Firmihin, signifiant les « femmes » en langue socotri, est la dernière forêt de dragonniers de Socotra, située à l'est du canyon du Dirhur au sein du plateau de Diksam (ou plateau de Dixam). Ce lieu majestueux d'environ 540 hectares, préservé des activités humaines, possède la plus forte concentration d'arbres à sang-de-dragon de toute l'île avec pas moins de 28 000 dragonniers adultes âgés de 500 à 1 000 ans.
Feuilles, fruits et sève du Dragonnier de Socotra
Mesurant jusqu'à 60 cm de long sur 3 cm de large, les feuilles du Dragonnier de Socotra tombent au bout de 3 ou 4 ans, à mesure que de nouvelles feuilles mûrissent simultanément. Ses fruits se présentent sous la forme de petites baies charnues contenant entre 1 et 4 graines de 4 à 5 mm de diamètre pour un poids moyen de 68 mg. Au fil de leur développement, les baies du dragonnier passent du vert au noir, puis enfin à l'orange une fois arrivées à maturité.
Mais sa singularité la plus étrange réside certainement dans sa résine rougeâtre, le sang-de-dragon. C'est d'ailleurs cette substance encore très recherchée qui lui vaut son nom. Selon la mythologie grecque, l'un des douze travaux d'Hercule (ou plutôt Héraclès) consistait à voler les pommes d'or du jardin des Hespérides gardées par le terrifiant Ladon, un dragon à cent têtes. Pour atteindre les fruits, Hercule, à l'aide d'un arc, tue la bête dont le sang se déverse alors au sol, donnant naissance à des dragonniers.
Sur l'utilisation millénaire de la sève sang-de-dragon
Reste que la légende du dragonnier ne s'arrête pas là, sa résine rouge pourpre étant très prisée depuis l'Antiquité dans la médecine traditionnelle pour ses propriétés antibactériennes et anti-inflammatoires. Autour du bassin méditerranéen, Grecs, Perses, Romain et Arabes l'utilisaient dans l'eau de gargarisme comme stimulant, mais aussi comme coagulant et astringent pour faciliter la cicatrisation des plaies, comme remède contre des maladies (la dysenterie notamment) et/ou faire baisser la fièvre. À noter que d'autres parties du Dragonnier de Socotra sont également appréciées des sociétés antiques : la racine pour le traitement des rhumatismes ou en tant que gomme-résine pour renforcer les poutres sur le toit des maisons ; les feuilles sont carminatives, favorisant l'expulsion des gaz intestinaux, tout en réduisant leur production.

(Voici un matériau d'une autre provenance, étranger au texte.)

(* Let $\mathcal A$ be a category of cubes. There is an isomorphism $\mathrm{sh}_\mathcal{A}\mathcal{L}_\mathcal{A}(!\{\tau\})\cong\mathbf{1}$, where $\mathbf 1$ is the terminal $\mathcal A$-set. Therefore, when $\Sigma=\{\tau\}$, the category of labelled $\mathcal{A}$-sets is equivalent to the category of unlabelled $\mathcal{A}$-sets.
   Context: $[0]=\{()\}$, $[n]=\{0,1\}^n$ ($n\ge1$) with the product order; ${\rm PoSet}$: posets with strictly increasing maps. Face maps $\delta_i^\alpha:[n-1]\to[n]$ insert $\alpha$ at position $i$; $\square$ is the subcategory of ${\rm PoSet}$ with objects $[n]$ generated by face maps; its presheaves are precubical sets. A map is adjacency-preserving if strictly increasing and it sends pairs at Hamming distance $1$ to pairs at Hamming distance $1$. A category of cubes is a subcategory $\mathcal A\subset{\rm PoSet}$ with objects $\{[n]:n\ge0\}$, containing $\square$, with all morphisms adjacency-preserving. $\mathcal A$-sets are presheaves on $\mathcal A$; $\mathcal A[p]=\mathcal A(-,[p])$, $\partial\mathcal A[p]$ its subpresheaf of cubes of dimension $<p$. $\mathcal L_\mathcal A$ is the left adjoint of restriction along $\square\subset\mathcal A$. For a set $\Sigma$, $!\Sigma$ is the precubical set with $(!\Sigma)_0=\{()\}$, $(!\Sigma)_n=\Sigma^n$, $\partial_i^0=\partial_i^1$ deleting the $i$-th letter. $\mathrm{sh}_\mathcal A$ is left adjoint to the inclusion of the full subcategory of $\mathcal A$-sets orthogonal to the maps $\mathcal A[p]\sqcup_{\partial\mathcal A[p]}\mathcal A[p]\to\mathcal A[p]$, $p\ge2$. A labelled $\mathcal A$-set (over $\Sigma$) is an object of the slice category of $\mathcal A$-sets over $\mathrm{sh}_\mathcal A\mathcal L_\mathcal A(!\Sigma)$. *)

theory Defs
  imports "HOL-Library.FuncSet"
begin

text \<open>The cube [n] = {0,1}^n, elements encoded as boolean lists of length n
  (False = 0, True = 1), with the product order.\<close>
definition cube :: "nat \<Rightarrow> bool list set" where
  "cube n = {xs. length xs = n}"

definition cleq :: "bool list \<Rightarrow> bool list \<Rightarrow> bool" where
  "cleq xs ys \<longleftrightarrow> list_all2 (\<le>) xs ys"

definition cless :: "bool list \<Rightarrow> bool list \<Rightarrow> bool" where
  "cless xs ys \<longleftrightarrow> cleq xs ys \<and> xs \<noteq> ys"

definition hamming1 :: "bool list \<Rightarrow> bool list \<Rightarrow> bool" where
  "hamming1 xs ys \<longleftrightarrow> length xs = length ys \<and>
     card {i. i < length xs \<and> xs ! i \<noteq> ys ! i} = 1"

text \<open>A map [n] -> [m]: triple (n, m, f), f extensional on [n].\<close>
type_synonym cmor = "nat \<times> nat \<times> (bool list \<Rightarrow> bool list)"

definition mdom :: "cmor \<Rightarrow> nat" where "mdom f = fst f"
definition mcod :: "cmor \<Rightarrow> nat" where "mcod f = fst (snd f)"
definition mfun :: "cmor \<Rightarrow> bool list \<Rightarrow> bool list" where "mfun f = snd (snd f)"

text \<open>Morphisms of PoSet between cubes: strictly increasing maps.\<close>
definition strict_mor :: "cmor \<Rightarrow> bool" where
  "strict_mor f \<longleftrightarrow> mfun f \<in> cube (mdom f) \<rightarrow>\<^sub>E cube (mcod f) \<and>
     (\<forall>x\<in>cube (mdom f). \<forall>y\<in>cube (mdom f). cless x y \<longrightarrow> cless (mfun f x) (mfun f y))"

definition adj_pres :: "cmor \<Rightarrow> bool" where
  "adj_pres f \<longleftrightarrow> strict_mor f \<and>
     (\<forall>x\<in>cube (mdom f). \<forall>y\<in>cube (mdom f). hamming1 x y \<longrightarrow> hamming1 (mfun f x) (mfun f y))"

definition idm :: "nat \<Rightarrow> cmor" where
  "idm n = (n, n, restrict id (cube n))"

definition comp :: "cmor \<Rightarrow> cmor \<Rightarrow> cmor" where
  "comp g f = (mdom f, mcod g, restrict (mfun g \<circ> mfun f) (cube (mdom f)))"

text \<open>Face map delta_i^alpha : [n-1] -> [n], inserting alpha at position i (1 <= i <= n).\<close>
definition face :: "nat \<Rightarrow> nat \<Rightarrow> bool \<Rightarrow> cmor" where
  "face n i \<alpha> = (n - 1, n, restrict (\<lambda>xs. take (i - 1) xs @ \<alpha> # drop (i - 1) xs) (cube (n - 1)))"

text \<open>A category of cubes, given by its set of morphisms: a subcategory of PoSet with
  objects all [n], containing all face maps (hence the box category), all of whose
  morphisms are adjacency-preserving.\<close>
definition cube_category :: "cmor set \<Rightarrow> bool" where
  "cube_category A \<longleftrightarrow>
     (\<forall>f\<in>A. strict_mor f \<and> adj_pres f) \<and>
     (\<forall>n. idm n \<in> A) \<and>
     (\<forall>f\<in>A. \<forall>g\<in>A. mcod f = mdom g \<longrightarrow> comp g f \<in> A) \<and>
     (\<forall>n i \<alpha>. 1 \<le> i \<and> i \<le> n \<longrightarrow> face n i \<alpha> \<in> A)"

text \<open>A-sets (presheaves on A): carriers X n and contravariant action act f : X (mcod f) -> X (mdom f).\<close>
definition aset :: "cmor set \<Rightarrow> (nat \<Rightarrow> 'x set) \<Rightarrow> (cmor \<Rightarrow> 'x \<Rightarrow> 'x) \<Rightarrow> bool" where
  "aset A X act \<longleftrightarrow>
     (\<forall>f\<in>A. \<forall>x\<in>X (mcod f). act f x \<in> X (mdom f)) \<and>
     (\<forall>n. \<forall>x\<in>X n. act (idm n) x = x) \<and>
     (\<forall>f\<in>A. \<forall>g\<in>A. mcod f = mdom g \<longrightarrow>
        (\<forall>x\<in>X (mcod g). act (comp g f) x = act f (act g x)))"

definition aset_map :: "cmor set \<Rightarrow> (nat \<Rightarrow> 'x set) \<Rightarrow> (cmor \<Rightarrow> 'x \<Rightarrow> 'x)
     \<Rightarrow> (nat \<Rightarrow> 'y set) \<Rightarrow> (cmor \<Rightarrow> 'y \<Rightarrow> 'y) \<Rightarrow> (nat \<Rightarrow> 'x \<Rightarrow> 'y) \<Rightarrow> bool" where
  "aset_map A X act Y act' h \<longleftrightarrow>
     (\<forall>n. \<forall>x\<in>X n. h n x \<in> Y n) \<and>
     (\<forall>f\<in>A. \<forall>x\<in>X (mcod f). h (mdom f) (act f x) = act' f (h (mcod f) x))"

text \<open>Orthogonality to A[p] \<union>_{\<partial>A[p]} A[p] -> A[p] (p >= 2), unfolded via Yoneda:
  two p-cubes agreeing on the boundary (on all cells of \<partial>A[p], i.e. all
  f : [k] -> [p] in A with k < p) are equal.\<close>
definition separated :: "cmor set \<Rightarrow> (nat \<Rightarrow> 'x set) \<Rightarrow> (cmor \<Rightarrow> 'x \<Rightarrow> 'x) \<Rightarrow> bool" where
  "separated A X act \<longleftrightarrow>
     (\<forall>p\<ge>2. \<forall>x\<in>X p. \<forall>y\<in>X p.
        (\<forall>f\<in>A. mcod f = p \<and> mdom f < p \<longrightarrow> act f x = act f y) \<longrightarrow> x = y)"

En Europe, au cours du XVIIIe siècle, les luthiers italiens recourent à la sève du Dragonnier de Socotra comme source de vernis pour les violons. En raison de la croyance selon laquelle il s'agit du sang du dragon, les autochtones, avant leur conversion à l'islam, ont longtemps utilisé la sève sang-de-dragon lors de rituels animistes et dans l'alchimie. Aujourd'hui encore, le sang-de-dragon est employé par les habitants de Socotra à des fins diverses : teindre la laine, coller des poteries, rafraîchir l'haleine, produire du rouge à lèvres et même du dentifrice !

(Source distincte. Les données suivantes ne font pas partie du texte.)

lemma sublattice_in_subgroups_with_least:
  assumes w: "w \<in> least_candidates" and n: "n \<noteq> 1"
  shows "sublattice w n \<in> subgroups_with_least w"
proof -
  have "\<not> sublattice w n y" if "y \<noteq> 0" and "norm_lex_less y w" for y
  proof
    assume "sublattice w n y"
    then obtain k m where y: "y = smul k w + smul (m * int n) (perp w)"
      unfolding sublattice_def by blast
    have "m * int n = 0 \<or> 2 \<le> \<bar>m * int n\<bar>"
    proof (cases "m = 0 \<or> n = 0")
      case False
      then have "1 \<le> \<bar>m\<bar>" and "2 \<le> int n"
        using n by auto
      then have "1 * 2 \<le> \<bar>m * int n\<bar>"
        unfolding abs_mult by (intro mult_mono) auto
      then show ?thesis
        by simp
    qed auto
    then show False
      using not_norm_lex_less_lattice_vector[OF w] that y by blast
  qed
  moreover have "sublattice w n w"
    unfolding sublattice_def by (rule exI[of _ 1], rule exI[of _ 0]) simp
  ultimately show ?thesis
    using add_subgroup_sublattice by (simp add: subgroups_with_least_def topspace_chabauty)
qed

lemma smul_add_smul_perp_eq_iff:
  assumes "w \<noteq> 0"
  shows "smul k w + smul j (perp w) = smul k' w + smul j' (perp w) \<longleftrightarrow> k = k' \<and> j = j'"
proof
  assume "smul k w + smul j (perp w) = smul k' w + smul j' (perp w)"
  then have "smul (k - k') w + smul (j - j') (perp w) = 0"
    by (simp add: smul_def perp_def prod_eq_iff algebra_simps)
  then have "sqnorm (smul (k - k') w + smul (j - j') (perp w)) = 0"
    by (simp add: sqnorm_def)
  then have "((k - k')\<^sup>2 + (j - j')\<^sup>2) * sqnorm w = 0"
    by (simp only: sqnorm_smul_add_smul_perp)
  then show "k = k' \<and> j = j'"
    using sqnorm_pos[OF assms] by simp
qed simp

lemma inj_sublattice:
  assumes "w \<noteq> 0"
  shows "inj (sublattice w)"
proof (rule injI)
  have dvd: "int n' dvd int n" if "sublattice w n = sublattice w n'" for n n'
  proof -
    have "sublattice w n (smul 0 w + smul (1 * int n) (perp w))"
      unfolding sublattice_def by blast
    then have "sublattice w n' (smul (int n) (perp w))"
      using that by simp
    then obtain k m where "smul (int n) (perp w) = smul k w + smul (m * int n') (perp w)"
      unfolding sublattice_def by blast
    then have "int n = m * int n'"
      using smul_add_smul_perp_eq_iff[OF assms, of 0 "int n" k "m * int n'"] by simp
    then show ?thesis
      by simp
  qed
  fix n n'
  assume "sublattice w n = sublattice w n'"
  then show "n = n'"
    using dvd[of n n'] dvd[of n' n] by (simp add: dvd_antisym)
qed

lemma infinite_subgroups_with_least:
  assumes "w \<in> least_candidates"
  shows "infinite (subgroups_with_least w)"
proof
  assume "finite (subgroups_with_least w)"
  moreover have "sublattice w ` {2..} \<subseteq> subgroups_with_least w"
    using sublattice_in_subgroups_with_least[OF assms] by auto
  ultimately have "finite (sublattice w ` {2..})"
    by (rule finite_subset[rotated])
  moreover have "inj_on (sublattice w) {2..}"
    using inj_sublattice assms inj_on_subset unfolding least_candidates_def by blast
  ultimately show False
    by (simp add: finite_image_iff infinite_Ici)
qed

text \<open>Division with remainder along the line of \<open>w\<close>: with \<open>N = |w|\<^sup>2\<close> and
  \<open>c = \<langle>x, w\<rangle>\<close> we have \<open>N x = c w\<close>, so \<open>x - (c div N) w\<close> lies in the subgroup and is
  shorter than \<open>w\<close>, hence zero.\<close>
lemma multiple_if_parallel:
  assumes f: "f \<in> subgroups_with_least w" and "w \<noteq> 0" and "f x" and parallel: "det2 x w = 0"
  shows "\<exists>k. x = smul k w"
proof -
  define N where "N = sqnorm w"
  define c where "c = fst x * fst w + snd x * snd w"
  define y where "y = x - smul (c div N) w"
  have N: "0 < N"
    using assms by (simp add: N_def sqnorm_pos)
  have "smul N x - smul c w = smul (det2 x w) (snd w, - fst w)"
    by (simp add: smul_def N_def c_def det2_def sqnorm_def prod_eq_iff power2_eq_square algebra_simps)
  then have "smul N x = smul c w"
    using parallel by simp
  then have "smul N y = smul (c mod N) w"
    by (simp add: y_def smul_def prod_eq_iff right_diff_distrib minus_mult_div_eq_mod[symmetric] algebra_simps)
  then have "N * (N * sqnorm y) = N * (c mod N)\<^sup>2"
    using sqnorm_smul[of N y] sqnorm_smul[of "c mod N" w] by (simp add: N_def power2_eq_square)
  then have "N * sqnorm y = (c mod N)\<^sup>2"
    using N by simp
  also have "\<dots> < N * N"
    using N by (simp add: power2_eq_square mult_strict_mono)
  finally have "sqnorm y < N"
    using N by simp
  moreover have "f y"
  proof -
    have H: "add_subgroup {x. f x}" and "f w"
      using f by (simp_all add: subgroups_with_least_def topspace_chabauty)
    then show ?thesis
      using \<open>f x\<close> add_subgroup_diff[OF H] add_subgroup_smul[OF H] by (simp add: y_def)
  qed
  ultimately have "y = 0"
    using f unfolding subgroups_with_least_def norm_lex_less_def N_def by blast
  then have "x = smul (c div N) w"
    by (simp add: y_def)
  then show ?thesis ..
qed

Dragonnier de Socotra, une espèce menacée
Si des cyclones ont déracinés environ 4 200 spécimens en 2015, la menace la plus sérieuse provient des activités humaines avec l'augmentation de la population et le développement du secteur touristique dans l'archipel de Socotra. L'abandon des pratiques agricoles traditionnelles engendre sur l'île un surpâturage dangereux pour l'arbre emblématique du Yémen. En effet, l'alimentation du bétail de plus en plus nombreux de l'île nécessite logiquement plus de fleurs et de fruits du dragonnier. De plus, les troupeaux de Caprins (chèvres et moutons) broutent les bourgeons et les moindres petites pousses de plantes.
Or, la croissance des dragonniers de Socotra est très lente : il faut compter une centaine d’années à cet arbre pour arriver à l’âge adulte. Enfin, l’une des plus grandes menaces demeure l’assèchement progressif de l’archipel de Socotra, un processus continu depuis le siècle dernier. Ce changement climatique entraîne peu à peu la disparition des arbres car la durée de la brume et des nuages semble diminuer dans les zones montagneuses.